Horizontal wells, that is petroleum wells in which the production completion zone lies in a horizontal or near horizontal plane, generally use steam to increase productivity, with the same general limitations affecting vertical or near vertical wells. U.S. Pat. No. 5,539,853 which issued to Jamaluddin in 1996 discloses a system in which heating elements are deployed within a tubing section within the production zone with hot gasses passing over the elements and then discharging to the reservoir. Since the gases must be supplied from the surface and penetrate into the formation, a counterflow condition exists which is similar to that of steam injection. Since the ambient gravitational and reservoir pressure gradients are disrupted by the counter current flow of the steam or gas, the full effect of heat addition is compromised.

SUMMARY OF THE INVENTION

What is required is a method and associated apparatus for subterranean thermal conditioning that will be less prone to the drawbacks present in the teachings of the prior art.

According to one aspect of the present invention there is provided a method for subterranean thermal conditioning. The first step involves providing a tubular magnetic induction apparatus. The second step involves positioning the magnetic induction apparatus into a subterranean environment. The third step involves supplying voltage waves to the magnetic induction apparatus thereby inducing a magnetic field in and adjacent to the magnetic induction apparatus to thermally condition the subterranean environment.

The method described above enables controlled thermal conditioning. Due to the nature of the technology, problems that led to equipment failure or undesirable outcomes with alternative technologies are reduced or eliminated.

Although beneficial results may be obtained through the use of the method, as described above, even more beneficial results may be obtained when a further step is included of generating electromechanical vibration by means of a steep rise and fall in electrical voltage supplied to the magnetic induction apparatus, such that magnetic attraction between the magnetic induction apparatus and the ferromagnetic well casing causes relative movement with each change in electrical voltage. This imparts vibration of variable amplitude and frequency which assists in production by agitating particles so as to fluidize unconsolidated material to rearrange them to establish a more permeable flow path. It also agitates particles within the annular space so as to minimize settlement and plugging and to reduce shear forces. It helps to fluidize surrounding material when a tool becomes "sanded in", thus allowing it to be more readily extracted.
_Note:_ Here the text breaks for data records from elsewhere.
lemma SUP_eta_Tstar:
  assumes "d \<ge> 1" and \<gamma>: "\<bar>\<gamma>\<bar> < 1"
  shows "(SUP \<pi>\<in>policies d. eta d \<gamma> Tstar \<pi>) = \<gamma>\<^sup>2 / (1 - \<gamma>)"
proof (rule cSup_eq_maximum)
  define \<pi>\<^sub>o\<^sub>p\<^sub>t :: "st \<Rightarrow> nat \<Rightarrow> real"
    where "\<pi>\<^sub>o\<^sub>p\<^sub>t s a = (case s of Si i \<Rightarrow> of_bool (a = i) | _ \<Rightarrow> of_bool (a = 1))" for s a
  have opt: "\<pi>\<^sub>o\<^sub>p\<^sub>t \<in> policies d"
    using assms(1) by (auto simp: policies_def states_eq \<pi>\<^sub>o\<^sub>p\<^sub>t_def actions_def)
  moreover have "goal_prob d \<pi>\<^sub>o\<^sub>p\<^sub>t = 1"
    using assms(1) by (simp add: goal_prob_def \<pi>\<^sub>o\<^sub>p\<^sub>t_def actions_def)
  ultimately have "eta d \<gamma> Tstar \<pi>\<^sub>o\<^sub>p\<^sub>t = \<gamma>\<^sup>2 / (1 - \<gamma>)"
    by (simp add: eta_Tstar \<gamma>)
  with opt show "\<gamma>\<^sup>2 / (1 - \<gamma>) \<in> (\<lambda>\<pi>. eta d \<gamma> Tstar \<pi>) ` policies d"
    by (metis image_eqI)
next
  fix x assume "x \<in> (\<lambda>\<pi>. eta d \<gamma> Tstar \<pi>) ` policies d"
  then obtain \<pi> where \<pi>: "\<pi> \<in> policies d" and "x = eta d \<gamma> Tstar \<pi>"
    by blast
  then have "x = goal_prob d \<pi> * (\<gamma>\<^sup>2 / (1 - \<gamma>))"
    by (simp add: eta_Tstar \<gamma>)
  moreover have "0 \<le> \<gamma>\<^sup>2 / (1 - \<gamma>)"
    using \<gamma> by simp
  ultimately show "x \<le> \<gamma>\<^sup>2 / (1 - \<gamma>)"
    using mult_right_mono[OF goal_prob_le_one[OF \<pi>]] by (metis mult_1)
qed
theorem mainTheorem7:
  fixes T :: "int \<Rightarrow> 'd::finite \<Rightarrow> int \<Rightarrow> 'd \<Rightarrow> real"
    and M :: "real ^ 'd ^ 'd"
  assumes "stochastic T" and "local_matrix T" and "translation_invariant T"
    and "\<forall>k \<in> {-pi..pi}. det (bloch T k) \<noteq> 0"
    and "orthogonal_matrix M"
    and "\<forall>l j a d. (\<Sum>b\<in>UNIV. \<Sum>c\<in>UNIV. M $ a $ b * T (j - l) b j c * M $ d $ c) = T (j + l) a j d"
  shows "wind T = 0"
proof -
  define F where "F q = det (bloch T q)" for q
  have F_even: "F (- q) = F q" for q
    unfolding F_def by (rule det_bloch_even[OF assms(1,5,6)])
  have "F differentiable at q" for q
    unfolding F_def by (intro differentiable_det bloch_entry_differentiable[OF assms(1,2)])
  then have "vector_derivative F (at (- q)) / F (- q) = - (vector_derivative F (at q) / F q)" for q
    by (simp add: vector_derivative_even F_even)
  then have "integral {- pi..pi} (\<lambda>q. vector_derivative F (at q) / F q) = 0"
    by (rule integral_odd_function)
  then show ?thesis
    unfolding wind_def F_def by simp
qed

end
definition ant :: "('i, 'z) hopf_scheme \<Rightarrow> 'i vec \<Rightarrow> 'i vec" where
  "ant H = lin (hs H)"

definition mulT :: "('i, 'z) hopf_scheme \<Rightarrow> ('i \<times> 'i) vec \<Rightarrow> ('i \<times> 'i) vec \<Rightarrow> ('i \<times> 'i) vec" where
  "mulT H = lin2 (\<lambda>(a, b) (c, d). tens (mul H (bv a) (bv c)) (mul H (bv b) (bv d)))"

definition hopf_algebra :: "('i, 'z) hopf_scheme \<Rightarrow> bool" where
  "hopf_algebra H \<longleftrightarrow>
     (\<forall>x y z. mul H (mul H x y) z = mul H x (mul H y z)) \<and>
     (\<forall>x. mul H (hu H) x = x \<and> mul H x (hu H) = x) \<and>
     (\<forall>x. assoc_r (tmap (cop H) id (cop H x)) = tmap id (cop H) (cop H x)) \<and>
     (\<forall>x. lin (\<lambda>(a, b). vsc (he H a) (bv b)) (cop H x) = x \<and>
          lin (\<lambda>(a, b). vsc (he H b) (bv a)) (cop H x) = x) \<and>
     (\<forall>x y. cop H (mul H x y) = mulT H (cop H x) (cop H y)) \<and>
     cop H (hu H) = tens (hu H) (hu H) \<and>
     (\<forall>x y. eps H (mul H x y) = eps H x * eps H y) \<and>
     eps H (hu H) = 1 \<and>
     (\<forall>x. lin (\<lambda>(a, b). mul H (ant H (bv a)) (bv b)) (cop H x) = vsc (eps H x) (hu H) \<and>
          lin (\<lambda>(a, b). mul H (bv a) (ant H (bv b))) (cop H x) = vsc (eps H x) (hu H))"

definition pair :: "('c \<Rightarrow> 'a \<Rightarrow> complex) \<Rightarrow> 'c vec \<Rightarrow> 'a vec \<Rightarrow> complex" where
  "pair p \<phi> h = lfun (\<lambda>c. lfun (p c) h) \<phi>"

definition pairT :: "('c \<Rightarrow> 'a \<Rightarrow> complex) \<Rightarrow> ('c \<times> 'c) vec \<Rightarrow> ('a \<times> 'a) vec \<Rightarrow> complex" where
  "pairT p = pair (\<lambda>(c1, c2) (a1, a2). p c1 a1 * p c2 a2)"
According to another aspect of the present invention there is provided an apparatus for subterranean thermal conditioning which includes a tubular housing. A magnetically permeable core is disposed in the housing. Electrical conductors are wound in close proximity to the core. Means is provided for electrically isolating the electrical conductors.

The electrical conductors for the apparatus, as described above, receives electrical power from a Power Conditioning Unit (PCU) located at the surface for the purpose of supplying electrical energy consisting of voltage waves with variable voltage and frequency so controlled to generate the desired response in the apparatus. The PCU may be equipped with computer, microprocessors and application specific logic and controls to optimize operating characteristics in response to information obtained from instruments deployed downhole with the apparatus.

Although beneficial results may be obtained through the use of the apparatus, as described above, a production zone which is to be thermally stimulated can be of a considerable length. Even more beneficial results may, therefore, be obtained when means are provided for electrically connecting a plurality of housings, each having a magnetically permeable core with electrical conductors wound in close proximity to the core, to form a magnetic induction assembly. Such a magnetic induction assembly can be made to substantially span a production zone.

Although beneficial results may be obtained through the use of the apparatus, as described above, hydrostatic pressure in deep wells can exert considerable force upon the housing.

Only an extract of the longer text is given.